The effect of canine hyperimmune plasma on inflammation in a rat pouch model

Inflammation is a series of complex interactions among soluble mediators and cells that can occur in any tissue in response to insults, such as trauma and infection. The process normally progresses to recovery, however, if the biological insult and repair are not properly phased inflammation can lead to chronic tissue damage. Inflammation is significantly orchestrated by pro-inflammatory cytokines such as tumor necrosis factor-α (TNFα), interleukin 1 beta (IL-1ß) and interleukin 6 (IL-6) which serve as a means of systemic communication among the cellular components. Despite the application of significant resources devoted to exploring the therapeutic potential of pro-inflammatory cytokine antagonists, outcomes have generally been of limited value, particularly in control of acute systemic inflammatory events. Whilst the use of TNFα antagonists has been approved for the management of rheumatoid arthritis when conventional therapies have failed, their experimental use in the control of syndromes such as sepsis has been less rewarding. The main aims of this study were: to characterise the active TNFα antagonists present in canine hyperimmune frozen plasma (HFP), investigate the efficacy of HFP in an in vivo model of inflammation; to develop a mathematical model which described the inter-relationship between varying concentrations of TNFα and its primary antagonist, soluble TNFα receptor 1 (sTNFR1). Finally, using comparative genomic analysis to study and identify the role of genetic variance present in inflammation related genes.

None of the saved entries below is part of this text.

lemma compressed_below_avoids_des:
  assumes w: "w permutes {1..n}" and des: "(i, k) \<in> des_set n w"
    and ijk: "i < j" "j < k" "diff_regions n J i j k" and ij: "(i, j) \<notin> inv_set n w"
    and u: "u permutes {1..n}" "compressed n J u" and below: "inv_set n u \<subseteq> inv_set n w"
  shows "(i, k) \<notin> inv_set n u"
proof
  assume "(i, k) \<in> inv_set n u"
  have bounds: "1 \<le> i" "k \<le> n" and wik: "w i = Suc (w k)"
    using des by (auto simp: des_set_def inv_set_def)
  have "u i < u j"
    using ij below permutes_less_iff_not_inv[OF u(1) \<open>1 \<le> i\<close> \<open>i < j\<close>] ijk bounds by auto
  moreover have "u p < u k \<or> u i < u p" if "i < p" "p < k" for p
  proof -
    have "w p \<noteq> w i" "w p \<noteq> w k"
      using that by (auto simp: inj_eq[OF permutes_inj[OF w]])
    then consider "w i < w p" | "w p < w k"
      using wik by linarith
    then show ?thesis
    proof cases
      case 1
      then have "(i, p) \<notin> inv_set n u"
        using below by (auto simp: inv_set_def)
      then show ?thesis
        using permutes_less_iff_not_inv[OF u(1), of i p] that bounds by auto
    next
      case 2
      then have "(p, k) \<notin> inv_set n u"
        using below by (auto simp: inv_set_def)
      then show ?thesis
        using permutes_less_iff_not_inv[OF u(1), of p k] that bounds by auto
    qed
  qed
  ultimately have "\<not> u k < u i"
    using compressed_no_separated_inversion[OF u bounds(1) ijk(1,2) bounds(2) ijk(3)] by blast
  with \<open>(i, k) \<in> inv_set n u\<close> show False
    by (auto simp: inv_set_def)
qed

definition greatest_compressed_below :: "nat \<Rightarrow> nat set \<Rightarrow> (nat \<Rightarrow> nat) \<Rightarrow> (nat \<Rightarrow> nat) \<Rightarrow> bool" where
  "greatest_compressed_below n J w w' \<longleftrightarrow>
     w' \<in> parabolic n J \<and> compressed n J w' \<and> inv_set n w' \<subseteq> inv_set n w \<and>
     (\<forall>u \<in> parabolic n J. compressed n J u \<and> inv_set n u \<subseteq> inv_set n w
        \<longrightarrow> inv_set n u \<subseteq> inv_set n w')"

lemma greatest_compressed_below_exists:
  assumes J: "J \<subseteq> {1..<n}" and "w \<in> parabolic n J"
  shows "\<exists>w'. greatest_compressed_below n J w w'"
  using assms(2)
proof (induction "card (inv_set n w)" arbitrary: w rule: less_induct)
  case less
  show ?case
  proof (cases "compressed n J w")
    case True
    with less.prems have "greatest_compressed_below n J w w"
      by (auto simp: greatest_compressed_below_def)
    then show ?thesis by blast
  next
    case False
    then obtain i j k where ijk: "1 \<le> i" "i < j" "j < k" "k \<le> n" "diff_regions n J i j k"
      and des: "(i, k) \<in> des_set n w" and ij: "(i, j) \<notin> inv_set n w"
      unfolding compressed_def by blast
    have w: "w permutes {1..n}"
      using less.prems by (simp add: parabolic_def perms_def)
    define w1 where "w1 = transpose (w i) (w k) \<circ> w"
    have inv1: "inv_set n w1 = inv_set n w - {(i, k)}"
      unfolding w1_def by (rule inv_set_transpose_des[OF w des])
    have "w1 permutes {1..n}"
      unfolding w1_def using ijk by (intro permutes_transpose_comp[OF w]) auto
    then have "w1 \<in> parabolic n J"
      using parabolic_if_inv_set_subset[OF J less.prems] inv1 by blast
    moreover have "card (inv_set n w1) < card (inv_set n w)"
      unfolding inv1 using des by (intro card_Diff1_less inv_set_finite) (simp add: des_set_def)
    ultimately obtain w' where w': "greatest_compressed_below n J w1 w'"
      using less.hyps by blast
    have "(i, k) \<notin> inv_set n u"
      if "u \<in> parabolic n J" "compressed n J u" "inv_set n u \<subseteq> inv_set n w" for u
      using compressed_below_avoids_des[OF w des ijk(2,3,5) ij _ that(2,3)] that(1)
      by (simp add: parabolic_def perms_def)
    then have "greatest_compressed_below n J w w'"
      using w' inv1 unfolding greatest_compressed_below_def by blast
    then show ?thesis by blast
  qed
qed

lemma avoid231_if_compressed:
  assumes "w \<in> parabolic n J" "compressed n J w"
  shows "w \<in> avoid231 n J"
  unfolding avoid231_def
proof (intro CollectI conjI notI)
  assume "\<exists>i j k. 1 \<le> i \<and> i < j \<and> j < k \<and> k \<le> n \<and>
    diff_regions n J i j k \<and> w k < w i \<and> w i < w j \<and> w i = w k + 1"
  then obtain i j k where ijk: "1 \<le> i" "i < j" "j < k" "k \<le> n" "diff_regions n J i j k"
    and vals: "w k < w i" "w i < w j" "w i = w k + 1"
    by blast
  then have "(i, k) \<in> des_set n w"
    by (simp add: des_set_def inv_set_def)
  with assms(2) ijk have "(i, j) \<in> inv_set n w"
    unfolding compressed_def by blast
  with vals show False
    by (simp add: inv_set_def)
qed (fact assms(1))

lemma greatest_compressed_below_unique:
  assumes "greatest_compressed_below n J w v" "greatest_compressed_below n J w w'"
  shows "v = w'"
proof -
  have "inv_set n v = inv_set n w'"
    using assms unfolding greatest_compressed_below_def by blast
  with assms show ?thesis
    by (intro permutes_eq_if_inv_set_eq) (auto simp: greatest_compressed_below_def parabolic_def perms_def)
qed

theorem lemma3p8:
  fixes n :: nat and J :: "nat set" and w :: "nat \<Rightarrow> nat"
  assumes "J \<subseteq> {1..<n}"
    and "w \<in> parabolic n J"
  shows "\<exists>!w'. w' \<in> avoid231 n J \<and> inv_set n w' \<subseteq> inv_set n w \<and> compressed n J w' \<and>
           (\<forall>u \<in> parabolic n J. compressed n J u \<and> inv_set n u \<subseteq> inv_set n w
              \<longrightarrow> inv_set n u \<subseteq> inv_set n w')"
proof -
  obtain w' where w': "greatest_compressed_below n J w w'"
    using greatest_compressed_below_exists[OF assms] by blast
  then have "w' \<in> avoid231 n J"
    by (simp add: avoid231_if_compressed greatest_compressed_below_def)
  moreover have "avoid231 n J \<subseteq> parabolic n J"
    by (auto simp: avoid231_def)
  ultimately show ?thesis
    using w' greatest_compressed_below_unique[OF _ w']
    unfolding greatest_compressed_below_def by (intro ex1I[of _ w']) blast+
qed

end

In part 1 of the study, the nature of a TNFα antagonist present in HFP was characterised by resolving plasma proteins from canine HFP and fresh frozen plasma (FFP) donors by Dodecyl Sulphate Polyacrylamide Gel Electrophoresis (PAGE) and by an in house developed immunofluorescent dot blot assay. Western Blot analysis was used to characterise the target protein. The analysis revealed that HFP contained significantly greater levels of sTNFR1 than were present in FFP. These findings suggested that HFP has an increased capacity (compared to FFP) to moderate the effects of TNFα. In summary, it was postulated that administration of HFP may down grade the pro-inflammatory effects of TNFα and may have a therapeutic role in the control of systemic inflammatory diseases mediated by this cytokine.

The identification of elevated levels of sTNFR1 in HFP prompted the undertaking of a second investigation, which explored the efficacy of HFP to down regulate levels of TNFα in an animal model of inflammation. TNFα is a powerful pro-inflammatory cytokine with a broad spectrum of activity and plays a central role as an acute endogenous mediator of sepsis and in particular endotoxic shock. The over or inappropriate production of TNFα is also recognised to play a role in the development of a variety of chronic inflammatory diseases. In this part of the study, results from the characterisation experiments were tested in an in vivo model of inflammation. The effects of subcutaneous administration of HFP, native fresh frozen plasma (FFP), Carprofen and normal saline were studied in a rat air pouch model of inflammation in which either Escherichia coli derived lipopolysaccharide (LPS) or monosodium urate crystals (MSU) were used as inflammatory agonists. The effect of each treatment was monitored at 1, 6, 12, 24 and 48 hours by irrigating the pouch cavity with saline and analysing the fluid for: TNFα and sTNFR1 levels and leukocyte concentration. Key outcomes were that at 6 hours post LPS and or MSU antagonism, rats treated with HFP showed significantly reduced levels of TNFα concentration compared to FFP, Carprofen and saline treatments (p < 0.05). At the same time point, no leukocytes were detected in HFP treated animals compared to FFP, Carprofen or saline treatment groups. In summary, HPF treatment of rats revealed a significant reduction of TNFα levels in rat air pouch exudates.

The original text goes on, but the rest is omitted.